The ratings agency expects Qantas to maintain its market dominance over Virgin Australia, while reaping the benefits of sharp falls in oil prices and the Australian dollar.
Standard & Poor's has maintained the BB+ credit rating it placed on Qantas in December 2013, leaving it in the junk zone, but upgraded its outlook from negative to stable.
"We expect Qantas to maintain a dominant position within the domestic market and really, the BB+ stable credit rating largely rests on that assumption," S&P credit analyst Graeme Ferguson said.
A sharp drop in oil prices to six year lows would improve operating margins within Qantas' domestic operations and help it recover its credit metrics at a faster pace than previously thought, he said.
An Australian dollar worth less than 80 US cents would also make its international services more competitive.
"We don't forecast a demand-led recovery, however we do believe that lower fuel prices, the more benign domestic market conditions and the low Australian dollar should translate through to improved credit metrics for the airline," Mr Ferguson said.

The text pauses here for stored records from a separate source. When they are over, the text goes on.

lemma opmult_perm_op_left:
  assumes "\<sigma> permutes {0..<n}" "x \<in> cfgs n d" "y \<in> cfgs n d"
  shows "opmult n d (perm_op n d f N \<sigma>) Z x y =
    perm_sign f N n \<sigma> (permute_cfg n \<sigma> x) * Z (permute_cfg n \<sigma> x) y"
proof -
  have "opmult n d (perm_op n d f N \<sigma>) Z x y =
      (\<Sum>z\<in>cfgs n d. if z = permute_cfg n \<sigma> x then perm_sign f N n \<sigma> z * Z z y else 0)"
    unfolding opmult_apply[OF assms(2,3)] perm_op_def
    using assms pointwise_eq_iff_permute_cfg[OF assms(1) _ assms(2)] by (intro sum.cong) auto
  then show ?thesis
    using assms by (simp add: permute_cfg_in)
qed

lemma opmult_num_op_right:
  "x \<in> cfgs n d \<Longrightarrow> y \<in> cfgs n d \<Longrightarrow> opmult n d A (num_op n d N i) x y = A x y * of_nat (N (y i))"
  unfolding opmult_def num_op_def
  by (simp add: if_distrib[of "\<lambda>t. A x _ * t"] sum.delta cong: if_cong)

lemma opmult_num_op_left:
  "x \<in> cfgs n d \<Longrightarrow> y \<in> cfgs n d \<Longrightarrow> opmult n d (num_op n d N i) A x y = of_nat (N (x i)) * A x y"
  unfolding opmult_def num_op_def
  by (simp add: if_distrib[of "\<lambda>t. t * A _ y"] sum.delta' cong: if_cong)


section \<open>Block permutations and the double commutant theorem\<close>

(* B_u P_tau: the permutation operator followed by the projection onto configurations with
   occupation numbers u. *)
definition block_perm_op :: "nat \<Rightarrow> nat \<Rightarrow> (nat \<Rightarrow> nat) \<Rightarrow> (nat \<Rightarrow> nat) \<Rightarrow> (nat \<Rightarrow> nat) \<Rightarrow> op" where
  "block_perm_op n d N u \<tau> = (\<lambda>c e. if c \<in> cfgs n d \<and> e \<in> cfgs n d \<and> occupation n N c = u \<and>
      e = permute_cfg n \<tau> c then 1 else 0)"

definition block_perm_span :: "nat \<Rightarrow> nat \<Rightarrow> (nat \<Rightarrow> nat) \<Rightarrow> op set" where
  "block_perm_span n d N = op_space.span {block_perm_op n d N u \<tau> | u \<tau>. \<tau> permutes {0..<n}}"

lemma block_perm_op_in_ops: "block_perm_op n d N u \<tau> \<in> ops n d"
  unfolding block_perm_op_def ops_def by auto

lemma block_perm_op_in_span: "\<tau> permutes {0..<n} \<Longrightarrow> block_perm_op n d N u \<tau> \<in> block_perm_span n d N"
  unfolding block_perm_span_def by (rule op_space.span_base) auto

lemma opmult_block_perm_op_left:
  assumes "\<sigma> permutes {0..<n}" "a \<in> cfgs n d" "b \<in> cfgs n d"
  shows "opmult n d (block_perm_op n d N u \<sigma>) Z a b =
    (if occupation n N a = u then Z (permute_cfg n \<sigma> a) b else 0)"
proof -
  have "opmult n d (block_perm_op n d N u \<sigma>) Z a b =
      (\<Sum>z\<in>cfgs n d. if z = permute_cfg n \<sigma> a then (if occupation n N a = u then Z z b else 0) else 0)"
    unfolding opmult_apply[OF assms(2,3)] block_perm_op_def using assms(2) by (intro sum.cong) auto
  then show ?thesis
    using permute_cfg_in[OF assms(1,2)] by simp
qed

lemma opmult_block_perm_ops:
  assumes \<sigma>: "\<sigma> permutes {0..<n}" and \<tau>: "\<tau> permutes {0..<n}"
  shows "opmult n d (block_perm_op n d N u \<sigma>) (block_perm_op n d N u' \<tau>) =
    (if u' = restrict (u \<circ> \<sigma>) {0..<n} then block_perm_op n d N u (\<sigma> \<circ> \<tau>) else 0)"
proof (intro ext)
  fix a b
  show "opmult n d (block_perm_op n d N u \<sigma>) (block_perm_op n d N u' \<tau>) a b =
    (if u' = restrict (u \<circ> \<sigma>) {0..<n} then block_perm_op n d N u (\<sigma> \<circ> \<tau>) else 0) a b"
  proof (cases "a \<in> cfgs n d \<and> b \<in> cfgs n d")
    case True
    then show ?thesis
      using opmult_block_perm_op_left[OF \<sigma>, of a d b N u] permute_cfg_in[OF \<sigma>, of a d]
        occupation_permute_cfg[OF \<sigma>, of N a] permute_cfg_comp[OF \<tau>, of \<sigma> a]
      by (auto simp: block_perm_op_def)
  qed (auto simp: opmult_outside block_perm_op_def)
qed

lemma opmult_block_perm_op_in_span:
  assumes \<sigma>: "\<sigma> permutes {0..<n}" and Z: "Z \<in> block_perm_span n d N"
  shows "opmult n d (block_perm_op n d N u \<sigma>) Z \<in> block_perm_span n d N"
proof -
  let ?P = "{Z. opmult n d (block_perm_op n d N u \<sigma>) Z \<in> block_perm_span n d N}"
  have "op_space.subspace ?P"
    unfolding op_space.subspace_def block_perm_span_def
    by (simp add: opmult_add_right opmult_scale_right op_space.span_zero op_space.span_add
        op_space.span_scale)
  moreover have "{block_perm_op n d N u \<tau> | u \<tau>. \<tau> permutes {0..<n}} \<subseteq> ?P"
    using opmult_block_perm_ops[OF \<sigma>] permutes_compose[OF _ \<sigma>]
    by (auto simp: block_perm_op_in_span) (simp add: block_perm_span_def op_space.span_zero)
  ultimately show ?thesis
    using Z op_space.span_minimal unfolding block_perm_span_def by blast
qed

definition invariant_block_ops :: "nat \<Rightarrow> nat \<Rightarrow> (nat \<Rightarrow> nat) \<Rightarrow> op set" where
  "invariant_block_ops n d N = {Z \<in> ops n d.
     (\<forall>\<sigma>. \<sigma> permutes {0..<n} \<longrightarrow>
        (\<forall>x\<in>cfgs n d. \<forall>y\<in>cfgs n d. Z (permute_cfg n \<sigma> x) (permute_cfg n \<sigma> y) = Z x y)) \<and>
     (\<forall>x y. Z x y \<noteq> 0 \<longrightarrow> occupation n N x = occupation n N y)}"

definition block_average :: "nat \<Rightarrow> nat \<Rightarrow> (nat \<Rightarrow> nat) \<Rightarrow> op \<Rightarrow> op" where
  "block_average n d N Y = (\<lambda>x y. if x \<in> cfgs n d \<and> y \<in> cfgs n d \<and> occupation n N x = occupation n N y
     then (\<Sum>\<sigma>\<in>{\<sigma>. \<sigma> permutes {0..<n}}. Y (permute_cfg n \<sigma> x) (permute_cfg n \<sigma> y)) / fact n else 0)"

lemma card_permutations_atLeastLessThan: "card {\<sigma>. \<sigma> permutes {0..<n}} = fact n"
  by (rule card_permutations) auto

lemma block_average_in_invariant_block_ops: "block_average n d N Y \<in> invariant_block_ops n d N"
  unfolding invariant_block_ops_def
proof (intro CollectI conjI allI impI ballI)
  show "block_average n d N Y \<in> ops n d"
    unfolding ops_def block_average_def by auto
  show "occupation n N x = occupation n N y" if "block_average n d N Y x y \<noteq> 0" for x y
    using that unfolding block_average_def by (auto split: if_splits)
  fix \<tau> x y assume \<tau>: "\<tau> permutes {0..<n}" and x: "x \<in> cfgs n d" and y: "y \<in> cfgs n d"
  have "(\<Sum>\<sigma>\<in>{\<sigma>. \<sigma> permutes {0..<n}}.
          Y (permute_cfg n \<sigma> (permute_cfg n \<tau> x)) (permute_cfg n \<sigma> (permute_cfg n \<tau> y)))
      = (\<Sum>\<sigma>\<in>{\<sigma>. \<sigma> permutes {0..<n}}. Y (permute_cfg n (\<tau> \<circ> \<sigma>) x) (permute_cfg n (\<tau> \<circ> \<sigma>) y))"
    by (rule sum.cong) (auto simp: permute_cfg_comp)
  also have "\<dots> = (\<Sum>\<sigma>\<in>{\<sigma>. \<sigma> permutes {0..<n}}. Y (permute_cfg n \<sigma> x) (permute_cfg n \<sigma> y))"
    using setum_permutations_compose_left[OF \<tau>, of "\<lambda>\<sigma>. Y (permute_cfg n \<sigma> x) (permute_cfg n \<sigma> y)"]
    by simp
  finally show "block_average n d N Y (permute_cfg n \<tau> x) (permute_cfg n \<tau> y) =
      block_average n d N Y x y"
    unfolding block_average_def
    using permute_cfg_in[OF \<tau> x] permute_cfg_in[OF \<tau> y] x y occupation_permute_cfg_eq_iff[OF \<tau>]
    by simp
qed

S&P is expected to maintain its outlook for the next 12 to 18 months but Mr Ferguson said a medium to longer-term upward revision would be considered "if there were evidence that Qantas had a more robust and versatile operating platform".
He didn't say when Qantas would return to investment grade, but an improvement in the operating funds to debt ratio could see its outlook raised to positive.
Rival credit ratings agency Moody's also has Qantas below investment grade.
Qantas shares gained two cents to $2.61.